**EXERCISE INSTRUCTIONS**. Below are entries. Reproduce exactly the lines between the line holding "B0 \<Longrightarrow> c" and the line holding "w \<Longrightarrow> derives", inclusive, and only those.

**DATA RECORDS**.
┄┄┄┄┄┄┄┄┄┄┄┄┄┄┄┄┄┄┄┄

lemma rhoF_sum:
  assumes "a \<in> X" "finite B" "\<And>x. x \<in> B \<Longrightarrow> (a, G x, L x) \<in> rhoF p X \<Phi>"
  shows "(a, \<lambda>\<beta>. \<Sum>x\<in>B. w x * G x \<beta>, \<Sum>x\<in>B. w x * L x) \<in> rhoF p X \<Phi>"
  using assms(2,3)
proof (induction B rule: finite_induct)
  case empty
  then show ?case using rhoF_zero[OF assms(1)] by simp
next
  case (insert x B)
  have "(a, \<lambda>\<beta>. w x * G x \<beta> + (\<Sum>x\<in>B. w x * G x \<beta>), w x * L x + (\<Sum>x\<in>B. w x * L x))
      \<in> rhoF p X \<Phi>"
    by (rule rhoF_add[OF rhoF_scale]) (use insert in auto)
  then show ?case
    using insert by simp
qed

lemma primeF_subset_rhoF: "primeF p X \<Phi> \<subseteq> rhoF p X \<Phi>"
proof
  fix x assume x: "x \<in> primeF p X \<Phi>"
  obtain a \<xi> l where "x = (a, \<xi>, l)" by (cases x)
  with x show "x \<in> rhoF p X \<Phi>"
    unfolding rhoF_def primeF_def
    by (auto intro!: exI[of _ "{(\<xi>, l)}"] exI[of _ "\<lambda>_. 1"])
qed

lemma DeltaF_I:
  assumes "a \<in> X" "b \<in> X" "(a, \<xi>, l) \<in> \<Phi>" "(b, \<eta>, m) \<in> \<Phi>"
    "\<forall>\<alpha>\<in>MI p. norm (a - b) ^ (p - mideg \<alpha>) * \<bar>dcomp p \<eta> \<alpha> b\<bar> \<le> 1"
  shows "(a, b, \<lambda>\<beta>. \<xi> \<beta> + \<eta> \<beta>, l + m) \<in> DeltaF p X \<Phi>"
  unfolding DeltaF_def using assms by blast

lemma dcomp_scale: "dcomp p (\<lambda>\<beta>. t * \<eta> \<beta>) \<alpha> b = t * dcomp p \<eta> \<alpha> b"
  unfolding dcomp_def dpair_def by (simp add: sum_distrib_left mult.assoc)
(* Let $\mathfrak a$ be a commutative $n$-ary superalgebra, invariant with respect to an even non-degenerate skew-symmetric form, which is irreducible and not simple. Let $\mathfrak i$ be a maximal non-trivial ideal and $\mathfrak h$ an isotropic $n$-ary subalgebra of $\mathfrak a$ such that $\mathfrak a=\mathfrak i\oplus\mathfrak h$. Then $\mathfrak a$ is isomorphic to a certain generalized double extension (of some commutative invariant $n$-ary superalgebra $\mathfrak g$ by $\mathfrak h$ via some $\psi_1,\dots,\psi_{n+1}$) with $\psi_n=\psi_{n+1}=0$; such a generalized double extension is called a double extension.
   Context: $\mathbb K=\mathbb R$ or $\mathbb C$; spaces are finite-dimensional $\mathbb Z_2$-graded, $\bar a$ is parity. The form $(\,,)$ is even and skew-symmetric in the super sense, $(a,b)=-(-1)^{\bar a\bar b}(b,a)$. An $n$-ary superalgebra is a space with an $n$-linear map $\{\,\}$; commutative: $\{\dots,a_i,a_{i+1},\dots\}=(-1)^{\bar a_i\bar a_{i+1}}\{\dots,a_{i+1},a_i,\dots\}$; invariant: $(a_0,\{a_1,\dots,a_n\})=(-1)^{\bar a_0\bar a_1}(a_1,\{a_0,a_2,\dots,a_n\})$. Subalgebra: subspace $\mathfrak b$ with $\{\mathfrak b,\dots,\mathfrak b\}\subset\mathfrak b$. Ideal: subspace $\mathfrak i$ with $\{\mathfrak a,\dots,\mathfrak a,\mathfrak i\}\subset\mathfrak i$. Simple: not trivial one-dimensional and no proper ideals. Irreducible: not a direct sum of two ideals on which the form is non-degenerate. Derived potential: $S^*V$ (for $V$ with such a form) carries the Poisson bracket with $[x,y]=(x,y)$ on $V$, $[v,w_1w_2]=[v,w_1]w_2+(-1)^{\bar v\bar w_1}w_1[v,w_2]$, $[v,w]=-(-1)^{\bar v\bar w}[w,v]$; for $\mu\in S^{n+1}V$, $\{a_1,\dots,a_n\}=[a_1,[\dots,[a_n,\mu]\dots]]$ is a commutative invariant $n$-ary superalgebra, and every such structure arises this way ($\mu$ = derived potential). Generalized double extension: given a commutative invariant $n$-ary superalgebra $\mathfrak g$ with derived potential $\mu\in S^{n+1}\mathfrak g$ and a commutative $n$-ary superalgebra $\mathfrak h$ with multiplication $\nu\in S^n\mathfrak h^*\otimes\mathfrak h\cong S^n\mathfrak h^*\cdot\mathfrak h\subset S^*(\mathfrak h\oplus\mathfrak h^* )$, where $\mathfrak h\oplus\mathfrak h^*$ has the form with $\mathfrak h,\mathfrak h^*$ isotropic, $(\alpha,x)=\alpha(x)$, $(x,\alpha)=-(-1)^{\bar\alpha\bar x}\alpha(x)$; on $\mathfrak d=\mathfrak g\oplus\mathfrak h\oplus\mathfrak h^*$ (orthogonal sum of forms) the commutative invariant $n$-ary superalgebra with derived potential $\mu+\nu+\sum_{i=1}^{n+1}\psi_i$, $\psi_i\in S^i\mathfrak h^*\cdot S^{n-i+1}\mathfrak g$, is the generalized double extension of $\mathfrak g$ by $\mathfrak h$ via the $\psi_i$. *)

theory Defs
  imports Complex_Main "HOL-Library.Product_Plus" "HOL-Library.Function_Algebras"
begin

┄┄┄┄┄┄┄┄┄┄┄┄┄┄┄┄┄┄┄┄

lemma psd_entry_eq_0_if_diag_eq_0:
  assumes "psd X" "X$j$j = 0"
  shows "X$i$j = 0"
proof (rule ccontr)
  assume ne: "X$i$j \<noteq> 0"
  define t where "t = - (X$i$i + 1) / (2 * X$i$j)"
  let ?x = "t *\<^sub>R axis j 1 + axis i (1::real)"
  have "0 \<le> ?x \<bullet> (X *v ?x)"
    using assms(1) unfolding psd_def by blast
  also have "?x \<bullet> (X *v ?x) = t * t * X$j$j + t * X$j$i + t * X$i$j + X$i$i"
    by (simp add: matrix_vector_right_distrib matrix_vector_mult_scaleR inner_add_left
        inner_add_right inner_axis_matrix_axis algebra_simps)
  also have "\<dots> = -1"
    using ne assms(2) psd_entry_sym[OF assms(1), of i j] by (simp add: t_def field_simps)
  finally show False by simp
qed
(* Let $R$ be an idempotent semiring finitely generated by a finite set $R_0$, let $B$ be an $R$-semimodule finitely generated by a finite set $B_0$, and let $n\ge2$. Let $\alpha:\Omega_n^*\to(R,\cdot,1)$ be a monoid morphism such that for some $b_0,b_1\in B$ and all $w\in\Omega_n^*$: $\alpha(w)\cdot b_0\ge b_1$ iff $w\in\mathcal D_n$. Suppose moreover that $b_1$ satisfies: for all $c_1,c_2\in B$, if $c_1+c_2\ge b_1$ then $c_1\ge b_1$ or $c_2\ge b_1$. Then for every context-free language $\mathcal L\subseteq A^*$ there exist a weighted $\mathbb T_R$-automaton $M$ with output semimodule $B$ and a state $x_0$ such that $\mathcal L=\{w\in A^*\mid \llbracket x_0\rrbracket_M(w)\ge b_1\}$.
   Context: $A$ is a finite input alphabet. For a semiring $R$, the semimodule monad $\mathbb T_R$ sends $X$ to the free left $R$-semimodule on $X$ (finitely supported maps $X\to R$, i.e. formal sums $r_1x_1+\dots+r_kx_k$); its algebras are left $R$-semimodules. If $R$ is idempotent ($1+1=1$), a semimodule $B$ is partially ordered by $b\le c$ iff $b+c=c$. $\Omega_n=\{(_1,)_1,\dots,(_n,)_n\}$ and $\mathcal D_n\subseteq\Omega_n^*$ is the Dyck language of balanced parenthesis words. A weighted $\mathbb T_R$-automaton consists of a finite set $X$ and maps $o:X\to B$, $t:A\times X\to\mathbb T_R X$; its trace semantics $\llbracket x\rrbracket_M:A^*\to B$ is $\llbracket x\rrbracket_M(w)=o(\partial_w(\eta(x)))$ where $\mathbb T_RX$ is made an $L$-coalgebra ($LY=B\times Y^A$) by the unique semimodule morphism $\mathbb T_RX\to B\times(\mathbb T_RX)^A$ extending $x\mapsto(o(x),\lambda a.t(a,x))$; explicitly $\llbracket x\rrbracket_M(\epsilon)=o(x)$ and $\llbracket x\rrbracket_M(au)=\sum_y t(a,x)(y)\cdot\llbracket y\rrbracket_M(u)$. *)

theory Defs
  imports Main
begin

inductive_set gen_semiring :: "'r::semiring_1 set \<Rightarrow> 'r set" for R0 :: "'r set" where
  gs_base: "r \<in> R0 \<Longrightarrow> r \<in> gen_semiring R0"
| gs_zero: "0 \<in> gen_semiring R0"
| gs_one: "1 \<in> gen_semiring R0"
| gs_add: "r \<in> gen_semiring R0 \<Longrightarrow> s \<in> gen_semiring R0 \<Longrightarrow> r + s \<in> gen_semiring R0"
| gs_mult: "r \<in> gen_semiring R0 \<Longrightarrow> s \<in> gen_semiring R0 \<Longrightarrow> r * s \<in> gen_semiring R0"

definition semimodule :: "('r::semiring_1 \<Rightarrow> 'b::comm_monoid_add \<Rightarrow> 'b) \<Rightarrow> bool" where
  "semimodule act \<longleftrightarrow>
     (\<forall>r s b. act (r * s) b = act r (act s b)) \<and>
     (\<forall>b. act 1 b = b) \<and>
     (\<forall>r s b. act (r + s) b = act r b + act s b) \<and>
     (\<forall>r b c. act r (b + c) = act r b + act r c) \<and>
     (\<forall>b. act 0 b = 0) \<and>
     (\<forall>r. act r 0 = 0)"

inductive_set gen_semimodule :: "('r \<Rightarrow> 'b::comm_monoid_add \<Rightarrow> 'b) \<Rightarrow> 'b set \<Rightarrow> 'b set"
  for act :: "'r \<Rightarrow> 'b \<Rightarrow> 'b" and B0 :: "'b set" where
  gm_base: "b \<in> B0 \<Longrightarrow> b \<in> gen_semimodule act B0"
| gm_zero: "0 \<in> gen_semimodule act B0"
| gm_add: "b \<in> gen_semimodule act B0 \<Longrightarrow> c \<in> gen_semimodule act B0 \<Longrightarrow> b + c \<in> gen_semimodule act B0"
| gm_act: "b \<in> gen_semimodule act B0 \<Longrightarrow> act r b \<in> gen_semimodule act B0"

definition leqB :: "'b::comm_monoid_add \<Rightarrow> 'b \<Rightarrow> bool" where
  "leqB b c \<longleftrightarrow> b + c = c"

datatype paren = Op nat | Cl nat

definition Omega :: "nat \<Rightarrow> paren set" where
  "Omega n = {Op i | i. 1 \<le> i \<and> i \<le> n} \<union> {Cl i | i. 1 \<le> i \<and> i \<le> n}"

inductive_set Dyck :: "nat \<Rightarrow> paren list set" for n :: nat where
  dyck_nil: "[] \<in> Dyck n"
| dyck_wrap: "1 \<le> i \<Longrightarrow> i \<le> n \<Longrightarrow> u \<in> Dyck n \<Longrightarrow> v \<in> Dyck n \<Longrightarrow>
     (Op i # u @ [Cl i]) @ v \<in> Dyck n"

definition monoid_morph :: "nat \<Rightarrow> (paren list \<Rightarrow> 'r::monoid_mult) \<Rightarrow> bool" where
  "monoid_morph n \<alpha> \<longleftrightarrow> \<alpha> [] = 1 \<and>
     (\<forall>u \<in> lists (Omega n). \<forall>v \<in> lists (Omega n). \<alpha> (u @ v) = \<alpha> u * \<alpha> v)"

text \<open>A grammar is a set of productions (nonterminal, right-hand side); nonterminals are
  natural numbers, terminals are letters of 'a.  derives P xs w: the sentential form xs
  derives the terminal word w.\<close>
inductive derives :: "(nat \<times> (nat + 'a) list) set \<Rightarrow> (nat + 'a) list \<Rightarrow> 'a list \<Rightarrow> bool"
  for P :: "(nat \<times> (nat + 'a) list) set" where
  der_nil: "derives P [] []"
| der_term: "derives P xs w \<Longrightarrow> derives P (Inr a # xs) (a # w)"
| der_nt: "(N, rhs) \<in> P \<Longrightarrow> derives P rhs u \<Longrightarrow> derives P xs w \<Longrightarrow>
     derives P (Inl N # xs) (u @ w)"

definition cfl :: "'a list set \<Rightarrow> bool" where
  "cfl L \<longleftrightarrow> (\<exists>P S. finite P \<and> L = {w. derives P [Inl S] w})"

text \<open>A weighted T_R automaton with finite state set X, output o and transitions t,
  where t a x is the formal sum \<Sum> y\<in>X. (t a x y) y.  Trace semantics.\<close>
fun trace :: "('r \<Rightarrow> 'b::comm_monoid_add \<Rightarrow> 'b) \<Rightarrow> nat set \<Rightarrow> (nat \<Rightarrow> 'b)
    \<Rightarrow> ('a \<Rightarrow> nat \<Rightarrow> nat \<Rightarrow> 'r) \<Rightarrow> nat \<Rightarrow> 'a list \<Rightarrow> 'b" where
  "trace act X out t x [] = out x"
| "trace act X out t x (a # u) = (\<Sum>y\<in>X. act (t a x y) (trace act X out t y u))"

┄┄┄┄┄┄┄┄┄┄┄┄┄┄┄┄┄┄┄┄

**RESPONSE BOX**.
| gm_add: "b \<in> gen_semimodule act B0 \<Longrightarrow> c \<in> gen_semimodule act B0 \<Longrightarrow> b + c \<in> gen_semimodule act B0"
| gm_act: "b \<in> gen_semimodule act B0 \<Longrightarrow> act r b \<in> gen_semimodule act B0"

definition leqB :: "'b::comm_monoid_add \<Rightarrow> 'b \<Rightarrow> bool" where
  "leqB b c \<longleftrightarrow> b + c = c"

datatype paren = Op nat | Cl nat

definition Omega :: "nat \<Rightarrow> paren set" where
  "Omega n = {Op i | i. 1 \<le> i \<and> i \<le> n} \<union> {Cl i | i. 1 \<le> i \<and> i \<le> n}"

inductive_set Dyck :: "nat \<Rightarrow> paren list set" for n :: nat where
  dyck_nil: "[] \<in> Dyck n"
| dyck_wrap: "1 \<le> i \<Longrightarrow> i \<le> n \<Longrightarrow> u \<in> Dyck n \<Longrightarrow> v \<in> Dyck n \<Longrightarrow>
     (Op i # u @ [Cl i]) @ v \<in> Dyck n"

definition monoid_morph :: "nat \<Rightarrow> (paren list \<Rightarrow> 'r::monoid_mult) \<Rightarrow> bool" where
  "monoid_morph n \<alpha> \<longleftrightarrow> \<alpha> [] = 1 \<and>
     (\<forall>u \<in> lists (Omega n). \<forall>v \<in> lists (Omega n). \<alpha> (u @ v) = \<alpha> u * \<alpha> v)"

text \<open>A grammar is a set of productions (nonterminal, right-hand side); nonterminals are
  natural numbers, terminals are letters of 'a.  derives P xs w: the sentential form xs
  derives the terminal word w.\<close>
inductive derives :: "(nat \<times> (nat + 'a) list) set \<Rightarrow> (nat + 'a) list \<Rightarrow> 'a list \<Rightarrow> bool"
  for P :: "(nat \<times> (nat + 'a) list) set" where
  der_nil: "derives P [] []"
| der_term: "derives P xs w \<Longrightarrow> derives P (Inr a # xs) (a # w)"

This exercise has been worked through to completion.